__EXERCISE GOAL__.
Search the records for the string "cases" and return each line that has it.
#### MATERIAL FOR THE TASK ####
(* Let $t\ge0$, $h\ge0$ and $i$ be integers with $-t\le i\le h$. Let $\Phi(z)=\sum_{n\ge0}c_nz^n$, where $c_n$ is the number of Deutsch paths of $n$ steps from $(0,0)$ to $(n,i)$ that stay within levels $-t,\dots,h$ throughout. Let $v=v(z)$ be the power series with $v(0)=0$ satisfying $z=\frac{v}{1+v+v^2}$. Then $$\Phi(z)=\frac{(1+v)^{-i-2}(1-v^{i+t+1})\,v\,(1-v^{h+1})(1+v+v^2)}{(1-v)(1-v^{h+t+3})}\quad\text{for } i<0,$$ $$\Phi(z)=\frac{v^{i}(1-v^{t+2})(1-v^{2-i+h})(1+v+v^2)}{(1-v)(1+v)^{i+2}(1-v^{h+t+3})}\quad\text{for } i\ge0.$$
   Context: A Deutsch path is a lattice path whose steps are up-steps $(1,1)$ and down-steps $(1,-k)$ for any integer $k\ge1$. The series $v$ is given explicitly by $v=\frac{1-z-\sqrt{1-2z-3z^2}}{2z}$. *)

theory Defs
  imports "HOL-Computational_Algebra.Formal_Power_Series"
begin

text \<open>A Deutsch path with n steps is encoded by its list of vertical increments:
  each step is either an up-step (+1) or a down-step (-k) with k \<ge> 1.
  The path starts at level 0; its levels are the partial sums of the increments.\<close>

definition deutsch_step :: "int \<Rightarrow> bool" where
  "deutsch_step s \<longleftrightarrow> s = 1 \<or> s \<le> -1"

definition bounded_deutsch_paths :: "nat \<Rightarrow> nat \<Rightarrow> int \<Rightarrow> nat \<Rightarrow> int list set" where
  "bounded_deutsch_paths t h i n =
     {ss. length ss = n \<and> (\<forall>s\<in>set ss. deutsch_step s) \<and>
          (\<forall>k\<le>n. - int t \<le> sum_list (take k ss) \<and> sum_list (take k ss) \<le> int h) \<and>
          sum_list ss = i}"

definition fps_power_int :: "'a::field fps \<Rightarrow> int \<Rightarrow> 'a fps" where
  "fps_power_int a k = (if k \<ge> 0 then a ^ nat k else inverse a ^ nat (- k))"

end

theory Submission
  imports Defs "HOL-Computational_Algebra.Formal_Laurent_Series"
begin

(* Cutting off the last step shows that the generating functions G_j, -t <= j <= h, satisfy
   G_j = [j = 0] + z (G_{j-1} + G_{j+1} + ... + G_h) with G_{-t-1} = 0, a system that determines
   them coefficient by coefficient.  Subtracting consecutive equations gives the second-order
   recurrence (1 + z) G_j - (1 + z) G_{j+1} - z G_{j-1} = [j = 0] - [j = -1], whose characteristic
   equation (1 + z)(x - x^2) = z has the roots v/(1+v) and 1/(1+v) once z = v/(1+v+v^2).  Hence on
   either side of level 0 the solution is a combination of powers of these two roots, and the
   four coefficients are fixed by G_{-t-1} = 0, by the equation at the top level h and by the two
   jump conditions at levels -1 and 0.  All computations take place in the field of formal
   Laurent series. *)

definition deutsch_predecessors :: "nat \<Rightarrow> nat \<Rightarrow> int \<Rightarrow> int set" where
  "deutsch_predecessors t h j = {c \<in> {- int t..int h}. deutsch_step (j - c)}"

lemma deutsch_predecessors_subset: "deutsch_predecessors t h j \<subseteq> {- int t..int h}"
  by (auto simp: deutsch_predecessors_def)

lemma finite_deutsch_predecessors: "finite (deutsch_predecessors t h j)"
  using deutsch_predecessors_subset by (rule finite_subset) simp

lemma deutsch_predecessors_eq:
  assumes "- int t \<le> j" "j \<le> int h"
  shows "deutsch_predecessors t h j = {c. c = j - 1 \<and> - int t \<le> c} \<union> {j + 1..int h}"
  using assms by (auto simp: deutsch_predecessors_def deutsch_step_def)

lemma bounded_deutsch_paths_0: "bounded_deutsch_paths t h j 0 = (if j = 0 then {[]} else {})"
  by (auto simp: bounded_deutsch_paths_def)

lemma bounded_deutsch_paths_level_bounds:
  assumes "ss \<in> bounded_deutsch_paths t h j n"
  shows "- int t \<le> j" "j \<le> int h"
  using assms by (auto simp: bounded_deutsch_paths_def dest!: spec[of _ n])

lemma snoc_in_bounded_deutsch_paths_iff:
  "ss @ [s] \<in> bounded_deutsch_paths t h j (Suc n) \<longleftrightarrow>
     ss \<in> bounded_deutsch_paths t h (j - s) n \<and> deutsch_step s \<and> - int t \<le> j \<and> j \<le> int h"
  by (auto simp: bounded_deutsch_paths_def le_Suc_eq all_conj_distrib)

lemma sum_deutsch_predecessors:
  fixes H :: "int \<Rightarrow> 'a::comm_monoid_add"
  assumes "- int t \<le> j" "j \<le> int h" and "H (- int t - 1) = 0"
  shows "(\<Sum>c\<in>deutsch_predecessors t h j. H c) = H (j - 1) + (\<Sum>c\<in>{j + 1..int h}. H c)"
proof (cases "- int t \<le> j - 1")
  case True
  then have "deutsch_predecessors t h j = insert (j - 1) {j + 1..int h}"
    using assms by (auto simp: deutsch_predecessors_eq)
  then show ?thesis by simp
next
  case False
  then have "deutsch_predecessors t h j = {j + 1..int h}" and "j - 1 = - int t - 1"
    using assms by (auto simp: deutsch_predecessors_eq)
  then show ?thesis using assms(3) by simp
qed

lemma bounded_deutsch_paths_Suc:
  assumes "- int t \<le> j" "j \<le> int h"
  shows "bounded_deutsch_paths t h j (Suc n) =
           (\<Union>c\<in>deutsch_predecessors t h j. (\<lambda>ss. ss @ [j - c]) ` bounded_deutsch_paths t h c n)"
    (is "?L = ?R")
proof (intro equalityI subsetI)
  fix xs assume xs: "xs \<in> ?L"
  then have "xs = butlast xs @ [last xs]"
    by (intro append_butlast_last_id[symmetric]) (auto simp: bounded_deutsch_paths_def)
  with xs have "butlast xs \<in> bounded_deutsch_paths t h (j - last xs) n" "deutsch_step (last xs)"
    by (metis snoc_in_bounded_deutsch_paths_iff)+
  moreover from this have "j - last xs \<in> deutsch_predecessors t h j"
    by (auto simp: deutsch_predecessors_def dest: bounded_deutsch_paths_level_bounds)
  ultimately show "xs \<in> ?R"
    using \<open>xs = butlast xs @ [last xs]\<close>
    by (intro UN_I[of "j - last xs"] image_eqI[of xs _ "butlast xs"]) simp_all
next
  fix xs assume "xs \<in> ?R"
  then show "xs \<in> ?L"
    using assms by (auto simp: snoc_in_bounded_deutsch_paths_iff deutsch_predecessors_def)
qed

lemma finite_bounded_deutsch_paths: "finite (bounded_deutsch_paths t h j n)"
proof (induction n arbitrary: j)
  case 0
  then show ?case by (simp add: bounded_deutsch_paths_0)
next
  case (Suc n)
  show ?case
  proof (cases "- int t \<le> j \<and> j \<le> int h")
    case True
    then show ?thesis
      using Suc finite_deutsch_predecessors by (simp add: bounded_deutsch_paths_Suc)
  next
    case False
    then have "bounded_deutsch_paths t h j (Suc n) = {}"
      by (auto dest: bounded_deutsch_paths_level_bounds)
    then show ?thesis by simp
  qed
qed

lemma card_bounded_deutsch_paths_Suc:
  assumes "- int t \<le> j" "j \<le> int h"
  shows "card (bounded_deutsch_paths t h j (Suc n)) =
           (\<Sum>c\<in>deutsch_predecessors t h j. card (bounded_deutsch_paths t h c n))"
  unfolding bounded_deutsch_paths_Suc[OF assms]
  by (subst card_UN_disjoint)
     (auto simp: finite_deutsch_predecessors finite_bounded_deutsch_paths card_image inj_on_def)

definition bounded_deutsch_gf :: "nat \<Rightarrow> nat \<Rightarrow> int \<Rightarrow> 'a::comm_semiring_1 fps" where
  "bounded_deutsch_gf t h j = Abs_fps (\<lambda>n. of_nat (card (bounded_deutsch_paths t h j n)))"

definition deutsch_system :: "nat \<Rightarrow> nat \<Rightarrow> (int \<Rightarrow> 'a::comm_semiring_1 fps) \<Rightarrow> bool" where
  "deutsch_system t h H \<longleftrightarrow> (\<forall>j \<in> {- int t..int h}.
     H j = (if j = 0 then 1 else 0) + fps_X * (\<Sum>c\<in>deutsch_predecessors t h j. H c))"

lemma deutsch_system_bounded_deutsch_gf: "deutsch_system t h (bounded_deutsch_gf t h)"
  unfolding deutsch_system_def
proof (intro ballI fps_ext)
  fix j n assume "j \<in> {- int t..int h}"
  then show "bounded_deutsch_gf t h j $ n =
    ((if j = 0 then 1 else 0) + fps_X * (\<Sum>c\<in>deutsch_predecessors t h j. bounded_deutsch_gf t h c)) $ n"
    by (cases n) (simp_all add: bounded_deutsch_gf_def bounded_deutsch_paths_0
                                card_bounded_deutsch_paths_Suc fps_sum_nth)
qed

lemma deutsch_system_nth_Suc:
  assumes "deutsch_system t h H" and "j \<in> {- int t..int h}"
  shows "H j $ Suc n = (\<Sum>c\<in>deutsch_predecessors t h j. H c $ n)"
  using assms by (subst (asm) deutsch_system_def) (simp add: fps_sum_nth)

lemma deutsch_system_unique:
  assumes "deutsch_system t h H" "deutsch_system t h H'" and "j \<in> {- int t..int h}"
  shows "H j = H' j"
proof -
  have "\<forall>j \<in> {- int t..int h}. H j $ n = H' j $ n" for n
  proof (induction n)
    case 0
    show ?case using assms(1,2) by (auto simp: deutsch_system_def)
  next
    case (Suc n)
    show ?case
    proof
      fix j assume j: "j \<in> {- int t..int h}"
      have "H j $ Suc n = (\<Sum>c\<in>deutsch_predecessors t h j. H c $ n)"
        using assms(1) j by (rule deutsch_system_nth_Suc)
      also have "\<dots> = (\<Sum>c\<in>deutsch_predecessors t h j. H' c $ n)"
        using Suc deutsch_predecessors_subset by (intro sum.cong) blast+
      also have "\<dots> = H' j $ Suc n"
        using assms(2) j by (rule deutsch_system_nth_Suc[symmetric])
      finally show "H j $ Suc n = H' j $ Suc n" .
    qed
  qed
  with assms(3) show ?thesis by (auto intro: fps_ext)
qed

lemma summed_second_order_recurrence:
  fixes H d :: "int \<Rightarrow> 'a::comm_ring_1" and z :: 'a and l h j :: int
  assumes top: "H h = d h + z * H (h - 1)"
    and rec: "\<And>j. l \<le> j \<Longrightarrow> j < h \<Longrightarrow>
                (1 + z) * H j - (1 + z) * H (j + 1) - z * H (j - 1) = d j - d (j + 1)"
    and "l \<le> j" "j \<le> h"
  shows "H j = d j + z * H (j - 1) + z * (\<Sum>c\<in>{j + 1..h}. H c)"
  using \<open>j \<le> h\<close> \<open>l \<le> j\<close>
proof (induction j rule: int_le_induct)
  case base
  show ?case using top by simp
next
  case (step j)
  have "{j..h} = insert j {j + 1..h}" using step.hyps by auto
  then have "(\<Sum>c\<in>{j..h}. H c) = H j + (\<Sum>c\<in>{j + 1..h}. H c)" by simp
  moreover have "(1 + z) * H (j - 1) - (1 + z) * H j - z * H (j - 1 - 1) = d (j - 1) - d j"
    using rec[of "j - 1"] step by simp
  moreover have "H j = d j + z * H (j - 1) + z * (\<Sum>c\<in>{j + 1..h}. H c)"
    using step by simp
  ultimately show ?case by (simp add: algebra_simps)
qed

lemma power_int_kernel_root:
  fixes x z :: "'a::field"
  assumes "x \<noteq> 0" and "(1 + z) * x - (1 + z) * x^2 - z = 0"
  shows "(1 + z) * x powi j - (1 + z) * x powi (j + 1) - z * x powi (j - 1) = 0"
proof -
  have "(1 + z) * x powi j - (1 + z) * x powi (j + 1) - z * x powi (j - 1)
          = x powi (j - 1) * ((1 + z) * x - (1 + z) * x^2 - z)"
    using assms(1) by (simp add: power_int_add power_int_diff power2_eq_square field_simps)
  with assms(2) show ?thesis by simp
qed

lemma kernel_root_difference:
  fixes a b z c K :: "'a::field"
  assumes "a \<noteq> 0" "(1 + z) * a - (1 + z) * a^2 - z = 0"
      and "b \<noteq> 0" "(1 + z) * b - (1 + z) * b^2 - z = 0"
  shows "(1 + z) * (c * (a powi j - K * b powi j)) - (1 + z) * (c * (a powi (j + 1) - K * b powi (j + 1)))
           - z * (c * (a powi (j - 1) - K * b powi (j - 1))) = 0"
proof -
  let ?E = "\<lambda>x. (1 + z) * x powi j - (1 + z) * x powi (j + 1) - z * x powi (j - 1)"
  have "(1 + z) * (c * (a powi j - K * b powi j)) - (1 + z) * (c * (a powi (j + 1) - K * b powi (j + 1)))
          - z * (c * (a powi (j - 1) - K * b powi (j - 1))) = c * (?E a - K * ?E b)"
    by (simp add: algebra_simps)
  with power_int_kernel_root[OF assms(1,2)] power_int_kernel_root[OF assms(3,4)] show ?thesis
    by simp
qed

definition deutsch_kernel_solution :: "'a::field \<Rightarrow> nat \<Rightarrow> nat \<Rightarrow> int \<Rightarrow> 'a" where
  "deutsch_kernel_solution V t h j =
     (if j < 0 then V * (1 - V^(h + 1)) * (1 + V + V^2) / ((1 + V)^2 * (1 - V) * (1 - V^(h + t + 3)))
                      * ((1 / (1 + V)) powi j - V^(t + 1) * (V / (1 + V)) powi j)
      else (1 - V^(t + 2)) * (1 + V + V^2) / ((1 + V)^2 * (1 - V) * (1 - V^(h + t + 3)))
                      * ((V / (1 + V)) powi j - V^(h + 2) * (1 / (1 + V)) powi j))"

definition bounded_deutsch_formula :: "'a::field \<Rightarrow> nat \<Rightarrow> nat \<Rightarrow> int \<Rightarrow> 'a" where
  "bounded_deutsch_formula v t h i =
     (if i < 0 then (1 + v) powi (- i - 2) * (1 - v ^ nat (i + int t + 1)) * v
                      * (1 - v ^ (h + 1)) * (1 + v + v ^ 2) / ((1 - v) * (1 - v ^ (h + t + 3)))
      else v ^ nat i * (1 - v ^ (t + 2)) * (1 - v ^ nat (2 - i + int h)) * (1 + v + v ^ 2)
             / ((1 - v) * (1 + v) ^ nat (i + 2) * (1 - v ^ (h + t + 3))))"

locale deutsch_kernel =
  fixes V :: "'a::field" and t h :: nat
  assumes nonzero: "V \<noteq> 0" "1 + V \<noteq> 0" "1 - V \<noteq> 0" "1 + V + V^2 \<noteq> 0" "1 - V^(h + t + 3) \<noteq> 0"
begin

abbreviation z :: 'a where "z \<equiv> V / (1 + V + V^2)"
abbreviation S :: "int \<Rightarrow> 'a" where "S \<equiv> deutsch_kernel_solution V t h"

lemma kernel_root:
  assumes "x = V / (1 + V) \<or> x = 1 / (1 + V)"
  shows "(1 + z) * x - (1 + z) * x^2 - z = 0"
  using assms
proof
  assume x: "x = V / (1 + V)"
  show ?thesis unfolding x using nonzero by (simp add: divide_simps) algebra
next
  assume x: "x = 1 / (1 + V)"
  show ?thesis unfolding x using nonzero by (simp add: divide_simps) algebra
qed

lemma solution_recurrence_homogeneous:
  assumes "j + 1 < 0 \<or> 1 \<le> j"
  shows "(1 + z) * S j - (1 + z) * S (j + 1) - z * S (j - 1) = 0"
  using assms
proof
  assume "j + 1 < 0"
  then have "j < 0" "j + 1 < 0" "j - 1 < 0" by simp_all
  then show ?thesis
    unfolding deutsch_kernel_solution_def using nonzero
    by (simp only: if_True) (intro kernel_root_difference kernel_root; simp)
next
  assume "1 \<le> j"
  then have "\<not> j < 0" "\<not> j + 1 < 0" "\<not> j - 1 < 0" by simp_all
  then show ?thesis
    unfolding deutsch_kernel_solution_def using nonzero
    by (simp only: if_False) (intro kernel_root_difference kernel_root; simp)
qed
####
__ANSWER FOR THE TASK__.
proof (cases "- int t \<le> j - 1")
  proof (cases "- int t \<le> j \<and> j \<le> int h")
    by (cases n) (simp_all add: bounded_deutsch_gf_def bounded_deutsch_paths_0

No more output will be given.